(* For all $a,b>0$, $H(a,b)\le\lambda_s(a,b)\le G(a,b)$ whenever $-3\le s\le -1$. These bounds are best possible: the inequality $H(a,b)\le \lambda_s(a,b)$ holds for all $a,b>0$ if and only if $s\ge -3$, and the inequality $\lambda_s(a,b)\le G(a,b)$ holds for all $a,b>0$ if and only if $s\le -1$.
   Context: For $a,b>0$ with $a\neq b$ define $$\lambda_s(a,b)=\begin{cases}\dfrac{s-1}{s+1}\cdot\dfrac{a^{s+1}+b^{s+1}-2\left(\frac{a+b}{2}\right)^{s+1}}{a^s+b^s-2\left(\frac{a+b}{2}\right)^s}, & s\in\mathbb{R}\setminus\{-1,0,1\},\\[3mm] \dfrac{2\log\frac{a+b}{2}-\log a-\log b}{\frac{1}{2a}+\frac{1}{2b}-\frac{2}{a+b}}, & s=-1,\\[3mm] \dfrac{a\log a+b\log b-(a+b)\log\frac{a+b}{2}}{2\log\frac{a+b}{2}-\log a-\log b}, & s=0,\\[3mm] \dfrac{(b-a)^2}{4\left(a\log a+b\log b-(a+b)\log\frac{a+b}{2}\right)}, & s=1,\end{cases}$$ and $\lambda_s(a,a)=a$. The harmonic and geometric means are $H(a,b)=2(1/a+1/b)^{-1}$ and $G(a,b)=\sqrt{ab}$. *)

theory Defs
  imports Complex_Main
begin

definition harm_mean :: "real \<Rightarrow> real \<Rightarrow> real" where
  "harm_mean a b = 2 / (1 / a + 1 / b)"

definition geom_mean :: "real \<Rightarrow> real \<Rightarrow> real" where
  "geom_mean a b = sqrt (a * b)"

definition lam :: "real \<Rightarrow> real \<Rightarrow> real \<Rightarrow> real" where
  "lam s a b =
    (if a = b then a
     else if s = -1 then
       (2 * ln ((a + b) / 2) - ln a - ln b) / (1 / (2 * a) + 1 / (2 * b) - 2 / (a + b))
     else if s = 0 then
       (a * ln a + b * ln b - (a + b) * ln ((a + b) / 2)) / (2 * ln ((a + b) / 2) - ln a - ln b)
     else if s = 1 then
       (b - a)^2 / (4 * (a * ln a + b * ln b - (a + b) * ln ((a + b) / 2)))
     else
       (s - 1) / (s + 1) *
       ((a powr (s + 1) + b powr (s + 1) - 2 * ((a + b) / 2) powr (s + 1)) /
        (a powr s + b powr s - 2 * ((a + b) / 2) powr s)))"

end

theory Submission
  imports Defs "HOL-Analysis.Analysis" "HOL-Real_Asymp.Real_Asymp"
begin

(* For 0 < a < b let w(t) = min (t - a) (b - t) be the tent function on [a, b]
   and M p = \<integral>_a^b t^p w(t) dt.  Since f a + f b - 2 f ((a+b)/2) = \<integral>_a^b f'' w, the mean is a
   ratio of tent moments:  lam s a b = M (s-1) / M (s-2)  with  M (s-2) > 0.  Hence the sign of
   lam s a b - c is that of the defect  D p c = M (p+1) - c M p  at p = s - 2.
   The factorisation
       t^(q+r+1) - c t^(q+r) - c^q (t^(r+1) - c t^r) = t^r (t - c) (t^q - c^q)
   shows that D (q+r) c - c^q D r c is the tent integral of a function whose sign is that of q.
   With c = H and q = s + 3 \<ge> 0 this reduces H \<le> lam s to s = -3, where D (-5) H is an explicit
   fourth power; with c = G and q = s + 1 \<le> 0 it reduces lam s \<le> G to s = -1, which is the
   elementary inequality 2 ln u \<le> u - 1/u.
   Sharpness: for s < -3, lam s 1 b tends to (s-1)/(s+1) < 2 = lim H 1 b as b \<rightarrow> \<infinity>.  For
   s > -1, a mean value bound makes D (s-2) G - G^(s+1) D (-3) G at least a fixed multiple of
   \<integral> (t - G)^2 w, which for b \<rightarrow> 1 dominates the defect of the case s = -1 (real_asymp). *)

section \<open>Tent moments\<close>

lemma has_integral_tent_second_difference:
  fixes a b :: real and f g h :: "real \<Rightarrow> real"
  assumes ab: "a < b"
    and f': "\<And>t. a \<le> t \<Longrightarrow> t \<le> b \<Longrightarrow> (f has_real_derivative g t) (at t)"
    and g': "\<And>t. a \<le> t \<Longrightarrow> t \<le> b \<Longrightarrow> (g has_real_derivative h t) (at t)"
  shows "((\<lambda>t. h t * min (t-a) (b-t)) has_integral (f a + f b - 2 * f ((a+b)/2))) {a..b}"
proof -
  define m where "m = (a+b)/2"
  have am: "a \<le> m" "m \<le> b" using ab by (auto simp: m_def)
  have left: "((\<lambda>t. h t * (t-a)) has_integral ((g m * (m-a) - f m) - (g a * (a-a) - f a))) {a..m}"
  proof (rule fundamental_theorem_of_calculus[OF am(1)])
    fix t assume t: "t \<in> {a..m}"
    have "((\<lambda>t. g t * (t-a) - f t) has_real_derivative (h t * (t-a) + g t * 1 - g t)) (at t)"
      using t am f'[of t] g'[of t] by (auto intro!: derivative_eq_intros)
    then show "((\<lambda>t. g t * (t-a) - f t) has_vector_derivative h t * (t-a)) (at t within {a..m})"
      by (simp add: has_real_derivative_iff_has_vector_derivative[symmetric] has_field_derivative_at_within)
  qed
  have right: "((\<lambda>t. h t * (b-t)) has_integral ((g b * (b-b) + f b) - (g m * (b-m) + f m))) {m..b}"
  proof (rule fundamental_theorem_of_calculus[OF am(2)])
    fix t assume t: "t \<in> {m..b}"
    have "((\<lambda>t. g t * (b-t) + f t) has_real_derivative (h t * (b-t) + g t * (0-1) + g t)) (at t)"
      using t am f'[of t] g'[of t] by (auto intro!: derivative_eq_intros)
    then show "((\<lambda>t. g t * (b-t) + f t) has_vector_derivative h t * (b-t)) (at t within {m..b})"
      by (simp add: has_real_derivative_iff_has_vector_derivative[symmetric] has_field_derivative_at_within)
  qed
  have "((\<lambda>t. h t * min (t-a) (b-t)) has_integral
          ((g m * (m-a) - f m) - (g a * (a-a) - f a)) + ((g b * (b-b) + f b) - (g m * (b-m) + f m))) {a..b}"
  proof (rule has_integral_combine[OF am])
    show "((\<lambda>t. h t * min (t-a) (b-t)) has_integral ((g m * (m-a) - f m) - (g a * (a-a) - f a))) {a..m}"
      by (rule has_integral_eq[OF _ left]) (auto simp: m_def min_def)
    show "((\<lambda>t. h t * min (t-a) (b-t)) has_integral ((g b * (b-b) + f b) - (g m * (b-m) + f m))) {m..b}"
      by (rule has_integral_eq[OF _ right]) (auto simp: m_def min_def)
  qed
  moreover have "((g m * (m-a) - f m) - (g a * (a-a) - f a)) + ((g b * (b-b) + f b) - (g m * (b-m) + f m))
                 = f a + f b - 2 * f m"
    by (simp add: m_def algebra_simps) (simp add: field_simps)
  ultimately show ?thesis unfolding m_def[symmetric] by metis
qed

lemma tent_integral_le:
  fixes f g :: "real \<Rightarrow> real"
  assumes "((\<lambda>t. f t * min (t-a) (b-t)) has_integral I) {a..b}"
    and "((\<lambda>t. g t * min (t-a) (b-t)) has_integral J) {a..b}"
    and "\<And>t. a \<le> t \<Longrightarrow> t \<le> b \<Longrightarrow> f t \<le> g t"
  shows "I \<le> J"
  by (rule has_integral_le[OF assms(1,2)]) (auto intro: mult_right_mono assms(3))

text \<open>The tent moment \<integral>_a^b t^p min (t-a) (b-t) dt in closed form: a second difference of the
  second antiderivative of t^p, which involves logarithms for p = -1 and p = -2.\<close>
definition tent_moment :: "real \<Rightarrow> real \<Rightarrow> real \<Rightarrow> real" where
  "tent_moment p a b =
    (if p = -1 then a * ln a + b * ln b - (a+b) * ln ((a+b)/2)
     else if p = -2 then 2 * ln ((a+b)/2) - ln a - ln b
     else (a powr (p+2) + b powr (p+2) - 2 * ((a+b)/2) powr (p+2)) / ((p+2) * (p+1)))"
lemma left_factorization_of_is_minkowski_inverse:
  assumes inv: "is_minkowski_inverse A Z"
  shows "A = Z\<^sup>\<sim> * Z * A * A\<^sup>\<sim> * A"
proof -
  have dims: "dim_row Z = dim_col A" "dim_col Z = dim_row A"
    and AZA: "A * Z * A = A" and ZAZ: "Z * A * Z = Z"
    and AZ_herm: "(A * Z)\<^sup>\<sim> = A * Z" and ZA_herm: "(Z * A)\<^sup>\<sim> = Z * A"
    using inv by (auto simp: is_minkowski_inverse_def)
  have Zadj: "Z\<^sup>\<sim> = Z\<^sup>\<sim> * A\<^sup>\<sim> * Z\<^sup>\<sim>"
    using arg_cong[OF ZAZ, of minkowski_adjoint] dims
    by (simp add: minkowski_adjoint_mult mult_assoc_dim)
  have "A = (A * Z)\<^sup>\<sim> * A"
    using AZA AZ_herm dims by (simp add: mult_assoc_dim)
  also have "\<dots> = Z\<^sup>\<sim> * A\<^sup>\<sim> * A"
    using dims by (simp add: minkowski_adjoint_mult)
  also have "\<dots> = Z\<^sup>\<sim> * A\<^sup>\<sim> * Z\<^sup>\<sim> * A\<^sup>\<sim> * A"
    by (simp only: Zadj[symmetric])
  also have "\<dots> = Z\<^sup>\<sim> * (Z * A)\<^sup>\<sim> * A\<^sup>\<sim> * A"
    using dims by (simp add: minkowski_adjoint_mult mult_assoc_dim)
  also have "\<dots> = Z\<^sup>\<sim> * Z * A * A\<^sup>\<sim> * A"
    using ZA_herm dims by (simp add: mult_assoc_dim)
  finally show ?thesis .
qed

lemma minkowski_adjoint_mult_eq_self:
  assumes dims: "dim_row Z = dim_col A" "dim_col Z = dim_row A"
    and ZAA: "Z * A * A\<^sup>\<sim> = A\<^sup>\<sim>"
  shows "(Z * A)\<^sup>\<sim> = Z * A"
proof -
  have "(Z * A)\<^sup>\<sim> = A\<^sup>\<sim> * Z\<^sup>\<sim>"
    using dims by (simp add: minkowski_adjoint_mult)
  also have "\<dots> = Z * A * A\<^sup>\<sim> * Z\<^sup>\<sim>"
    by (simp only: ZAA)
  also have "\<dots> = Z * (Z * A * A\<^sup>\<sim>)\<^sup>\<sim>"
    using dims by (simp add: minkowski_adjoint_mult mult_assoc_dim)
  also have "\<dots> = Z * A"
    by (simp only: ZAA minkowski_adjoint_minkowski_adjoint)
  finally show ?thesis .
qed

lemma mult_minkowski_adjoint_of_left_factorization:
  assumes A: "A \<in> carrier_mat m n" and X: "X \<in> carrier_mat m m"
    and fac: "A = X * A * A\<^sup>\<sim> * A"
  shows "A * (X * A)\<^sup>\<sim> = X * A * A\<^sup>\<sim>"
proof -
  have dims [simp]: "dim_row A = m" "dim_col A = n" "dim_row X = m" "dim_col X = m"
    using A X by auto
  from fac have "A\<^sup>\<sim> = (X * A * A\<^sup>\<sim> * A)\<^sup>\<sim>"
    by (rule arg_cong)
  also have "\<dots> = A\<^sup>\<sim> * A * (X * A)\<^sup>\<sim>"
    by (simp add: minkowski_adjoint_mult mult_assoc_dim)
  finally have A_adj: "A\<^sup>\<sim> = A\<^sup>\<sim> * A * (X * A)\<^sup>\<sim>" .
  have "A * (X * A)\<^sup>\<sim> = (X * A * A\<^sup>\<sim> * A) * (X * A)\<^sup>\<sim>"
    by (simp only: fac[symmetric])
  also have "\<dots> = X * A * (A\<^sup>\<sim> * A * (X * A)\<^sup>\<sim>)"
    by (simp add: mult_assoc_dim)
  also have "\<dots> = X * A * A\<^sup>\<sim>"
    by (simp only: A_adj[symmetric])
  finally show ?thesis .
qed

lemma is_minkowski_inverse_of_left_factorization:
  assumes A: "A \<in> carrier_mat m n" and X: "X \<in> carrier_mat m m"
    and fac: "A = X * A * A\<^sup>\<sim> * A"
  shows "is_minkowski_inverse A ((X * A)\<^sup>\<sim>)"
proof -
  define Z where "Z = (X * A)\<^sup>\<sim>"
  have dims [simp]: "dim_row A = m" "dim_col A = n" "dim_row X = m" "dim_col X = m"
    "dim_row Z = n" "dim_col Z = m"
    using A X by (auto simp: Z_def)
  have Z_eq: "Z = A\<^sup>\<sim> * X\<^sup>\<sim>" and Z_adj: "Z\<^sup>\<sim> = X * A"
    by (simp_all add: Z_def minkowski_adjoint_mult)
  have AZ: "A * Z = X * A * A\<^sup>\<sim>"
    unfolding Z_def using A X fac by (rule mult_minkowski_adjoint_of_left_factorization)
  have AZA: "A * Z * A = A"
    by (simp only: AZ fac[symmetric])
  have "(A * Z)\<^sup>\<sim> = Z\<^sup>\<sim> * A\<^sup>\<sim>"
    by (simp add: minkowski_adjoint_mult)
  also have "\<dots> = A * Z"
    by (simp only: Z_adj AZ)
  finally have AZ_herm: "(A * Z)\<^sup>\<sim> = A * Z" .
  from AZA have "A\<^sup>\<sim> = (A * Z * A)\<^sup>\<sim>"
    by (rule arg_cong[symmetric])
  also have "\<dots> = A\<^sup>\<sim> * X * A * A\<^sup>\<sim>"
    by (simp add: minkowski_adjoint_mult Z_adj mult_assoc_dim)
  finally have A_adj: "A\<^sup>\<sim> = A\<^sup>\<sim> * X * A * A\<^sup>\<sim>" .
  have "Z * A * A\<^sup>\<sim> = A\<^sup>\<sim> * X\<^sup>\<sim> * A * A\<^sup>\<sim>"
    by (simp only: Z_eq)
  also have "\<dots> = A\<^sup>\<sim> * X * A * A\<^sup>\<sim> * X\<^sup>\<sim> * A * A\<^sup>\<sim>"
    using A_adj by (rule arg_cong[where f = "\<lambda>M. M * X\<^sup>\<sim> * A * A\<^sup>\<sim>"])
  also have "\<dots> = A\<^sup>\<sim> * X * (A * Z * A) * A\<^sup>\<sim>"
    by (simp add: Z_eq mult_assoc_dim)
  also have "\<dots> = A\<^sup>\<sim>"
    by (simp only: AZA A_adj[symmetric])
  finally have ZAA: "Z * A * A\<^sup>\<sim> = A\<^sup>\<sim>" .
  have "Z * A * Z = (Z * A * A\<^sup>\<sim>) * X\<^sup>\<sim>"
    by (simp add: Z_eq mult_assoc_dim)
  also have "\<dots> = Z"
    by (simp only: ZAA Z_eq[symmetric])
  finally have ZAZ: "Z * A * Z = Z" .
  have "Z \<in> carrier_mat (dim_col A) (dim_row A)"
    by (rule carrier_matI) simp_all
  with AZA ZAZ AZ_herm minkowski_adjoint_mult_eq_self[OF _ _ ZAA] show ?thesis
    unfolding is_minkowski_inverse_def Z_def[symmetric] by simp
qed
(* Let $U\subset\mathbb R^n$ be open, $X$ a $C^1$ vector field on $U$, $f=(f_0,f_1,\dots,f_\ell):U\to\mathbb R^{r+\ell}$ a $C^2$ map, $x_0\in U$, $K$ a constant symmetric positive definite $(r+\ell)\times(r+\ell)$ matrix, and $V(x)=\tfrac12(f(x)-f(x_0))^TK(f(x)-f(x_0))$. Assume $\nabla V(x)\cdot X(x)=0$ for all $x\in U$, $V^{-1}(0)$ is compact, and $Df(x)$ is onto for all $x\in V^{-1}(0)$. Then there is a number $c>0$ (and, if necessary, an open neighborhood $W\subset U$ of $V^{-1}(0)$ to which the system is restricted) such that every trajectory of $\dot x = X(x)-\nabla V(x)$ starting in $V^{-1}([0,c])$ remains in $V^{-1}([0,c])$ for all $t\ge0$ and converges to $V^{-1}(0)$ as $t\to\infty$. *)

theory Defs
  imports "HOL-Analysis.Analysis"
begin

definition C1_on :: "'a::real_normed_vector set \<Rightarrow> ('a \<Rightarrow> 'b::real_normed_vector) \<Rightarrow> bool" where
  "C1_on U g \<longleftrightarrow> (\<exists>g'. (\<forall>x\<in>U. (g has_derivative blinfun_apply (g' x)) (at x)) \<and> continuous_on U g')"

definition C2_on :: "'a::real_normed_vector set \<Rightarrow> ('a \<Rightarrow> 'b::real_normed_vector) \<Rightarrow> bool" where
  "C2_on U g \<longleftrightarrow> (\<exists>g'. (\<forall>x\<in>U. (g has_derivative blinfun_apply (g' x)) (at x)) \<and> C1_on U g')"

definition sym_pos_def :: "real^'m^'m \<Rightarrow> bool" where
  "sym_pos_def K \<longleftrightarrow> transpose K = K \<and> (\<forall>v. v \<noteq> 0 \<longrightarrow> v \<bullet> (K *v v) > 0)"

definition grad :: "(real^'n \<Rightarrow> real) \<Rightarrow> real^'n \<Rightarrow> real^'n" where
  "grad g x = (\<chi> i. frechet_derivative g (at x) (axis i 1))"

definition is_solution :: "(real^'n \<Rightarrow> real^'n) \<Rightarrow> (real^'n) set \<Rightarrow> real set \<Rightarrow> (real \<Rightarrow> real^'n) \<Rightarrow> bool" where
  "is_solution F W I y \<longleftrightarrow> (\<forall>t\<in>I. y t \<in> W \<and> (y has_vector_derivative F (y t)) (at t within I))"

end

theory Submission
  imports Defs
begin

text \<open>Since \<open>\<nabla>V \<bullet> X = 0\<close>, along solutions of \<open>x' = X x - \<nabla>V x\<close> we have
  \<open>d/dt V(x(t)) = -|\<nabla>V(x(t))|\<^sup>2\<close>, and \<open>\<nabla>V x = Df(x)\<^sup>T K (f x - f x\<^sub>0)\<close>. As \<open>Df\<close> is onto on the
  compact set \<open>Z = V\<^sup>-\<^sup>1(0)\<close>, \<open>Df(x)\<^sup>T\<close> stays injective near \<open>Z\<close>, so there \<open>\<nabla>V\<close> vanishes only on
  \<open>Z\<close>. Pick \<open>r\<close> so that this holds on the closed \<open>r\<close>-neighbourhood of \<open>Z\<close>, which lies in \<open>U\<close>, and
  \<open>c\<close> below the minimum of \<open>V\<close> on the shell \<open>r/2 \<le> dist(x, Z) \<le> r\<close>. A trajectory starting in
  \<open>{V \<le> c}\<close> within distance \<open>r\<close> of \<open>Z\<close> never reaches the shell because \<open>V\<close> does not increase,
  so it stays in a compact set on which \<open>|\<nabla>V|\<close> is bounded below away from \<open>Z\<close>; hence \<open>V\<close> tends
  to \<open>0\<close> along it, and so does its distance to \<open>Z\<close>. Solutions exist for all time because the
  field agrees near \<open>Z\<close> with a bounded, globally Lipschitz cutoff, whose solutions are obtained
  by Banach's fixed point theorem in an exponentially weighted sup norm.\<close>

section \<open>Global solutions of bounded Lipschitz equations\<close>

lemma integral_has_vector_derivative_atLeast:
  fixes g :: "real \<Rightarrow> 'a::banach"
  assumes "continuous_on {a..} g" "a \<le> t"
  shows "((\<lambda>u. integral {a..u} g) has_vector_derivative g t) (at t within {a..})"
proof -
  have "((\<lambda>u. integral {a..u} g) has_vector_derivative g t) (at t within {a..t+1})"
    by (rule integral_has_vector_derivative) (use assms in \<open>auto intro: continuous_on_subset\<close>)
  moreover have "at t within {a..t+1} = at t within {a..}"
    by (rule at_within_nhd[where S="{..<t+1}"]) auto
  ultimately show ?thesis by simp
qed
lemma T_values_is_alg:
  assumes no_nullary: "\<forall>f. ar f \<ge> 1"
  shows "is_alg ar (T_values ar ops m c) ops"
  unfolding is_alg_def
proof (intro allI impI)
  fix f xs assume xs: "length xs = ar f \<and> set xs \<subseteq> T_values ar ops m c"
  then have "\<forall>x \<in> set xs. \<exists>r. r \<in> T ar m \<and> eval ops c r = x"
    by (auto simp: T_values_def)
  then obtain r where r: "\<And>x. x \<in> set xs \<Longrightarrow> r x \<in> T ar m \<and> eval ops c (r x) = x"
    by metis
  have "xs \<noteq> []"
    using xs no_nullary by (metis list.size(3) not_one_le_zero)
  then have "Op f (map r xs) \<in> T ar m"
    using xs r by (auto simp: T_def)
  moreover have "ops f xs = eval ops c (Op f (map r xs))"
    using r by (simp add: map_idI)
  ultimately show "ops f xs \<in> T_values ar ops m c"
    unfolding T_values_def by blast
qed

lemma T_values_models:
  assumes no_nullary: "\<forall>f. ar f \<ge> 1" and A: "models ar A ops (prolong ar E)"
    and "0 < m" and c: "\<forall>i. c i \<in> A"
  shows "models ar (T_values ar ops m c :: 'a set) ops E"
proof -
  have "holds (T_values ar ops m c) ops (u, v)" if uv: "(u, v) \<in> E" for u v
    unfolding holds_def fst_conv snd_conv
  proof (intro allI impI)
    fix env :: "nat \<Rightarrow> 'a" assume "\<forall>i. env i \<in> T_values ar ops m c"
    then have "\<forall>i. \<exists>r. r \<in> T ar m \<and> eval ops c r = env i"
      by (metis T_values_def imageE)
    then obtain r where r: "\<And>i. r i \<in> T ar m" and "\<And>i. eval ops c (r i) = env i"
      by metis
    then have env: "env = (\<lambda>i. eval ops c (r i))"
      by auto
    have "(subst r u, subst r v) \<in> prolong ar E"
      using uv r \<open>0 < m\<close> by (intro prolongI)
    then have "eval ops c (subst r u) = eval ops c (subst r v)"
      using models_eval_eq[OF A] c by blast
    then show "eval ops env u = eval ops env v"
      by (simp add: env eval_subst)
  qed
  then show ?thesis
    using T_values_is_alg[OF no_nullary] by (auto simp: models_def)
qed

lemma T_values_subset:
  "is_alg ar A ops \<Longrightarrow> (\<And>i. c i \<in> A) \<Longrightarrow> T_values ar ops m c \<subseteq> A"
  by (auto simp: T_values_def T_def intro: eval_closed)

locale prolongation_model =
  fixes ar :: "'f \<Rightarrow> nat" and E :: "('f trm \<times> 'f trm) set" and t :: "'f trm"
    and A :: "'a set" and ops :: "'f \<Rightarrow> 'a list \<Rightarrow> 'a"
  assumes no_nullary: "\<forall>f. ar f \<ge> 1"
    and E_idents: "E \<subseteq> idents ar"
    and t_T2: "t \<in> T ar 2"
    and t_id: "(t, Var 1) \<in> Id_of ar E"
    and models_prolong: "models ar A ops (prolong ar E)"
begin

lemma is_alg_A: "is_alg ar A ops"
  using models_prolong by (simp add: models_def)

definition t_op :: "'a \<Rightarrow> 'a \<Rightarrow> 'a"
  where "t_op a b = eval ops (\<lambda>i. if i = 1 then a else b) t"

lemma eval_subst2_t_op: "eval ops env (subst2 t p q) = t_op (eval ops env p) (eval ops env q)"
  by (simp add: eval_subst2 t_op_def)

lemma t_op_absorb:
  assumes "0 < m" "\<forall>i. c i \<in> A" and ab: "a \<in> T_values ar ops m c" "b \<in> T_values ar ops m c"
  shows "t_op a b = a"
proof -
  have "holds (T_values ar ops m c) ops (t, Var 1)"
    using Id_of_holds[OF E_idents t_id T_values_models[OF no_nullary models_prolong assms(1,2)]] .
  then show ?thesis
    using ab by (auto simp: holds_def t_op_def)
qed

definition t_rel :: "'a rel"
  where "t_rel = {(a, b). a \<in> A \<and> b \<in> A \<and> t_op a b = a \<and> t_op b a = b}"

▶ **Exercise description**: Nothing but the lines above from the one containing "using A_adj by" through the one containing "by (rule carrier_matI) simp_all" should appear in the answer, each repeated exactly.

▶ **Answer box**:
    using A_adj by (rule arg_cong[where f = "\<lambda>M. M * X\<^sup>\<sim> * A * A\<^sup>\<sim>"])
  also have "\<dots> = A\<^sup>\<sim> * X * (A * Z * A) * A\<^sup>\<sim>"
    by (simp add: Z_eq mult_assoc_dim)
  also have "\<dots> = A\<^sup>\<sim>"
    by (simp only: AZA A_adj[symmetric])
  finally have ZAA: "Z * A * A\<^sup>\<sim> = A\<^sup>\<sim>" .
  have "Z * A * Z = (Z * A * A\<^sup>\<sim>) * X\<^sup>\<sim>"
    by (simp add: Z_eq mult_assoc_dim)
  also have "\<dots> = Z"
    by (simp only: ZAA Z_eq[symmetric])
  finally have ZAZ: "Z * A * Z = Z" .
  have "Z \<in> carrier_mat (dim_col A) (dim_row A)"
    by (rule carrier_matI) simp_all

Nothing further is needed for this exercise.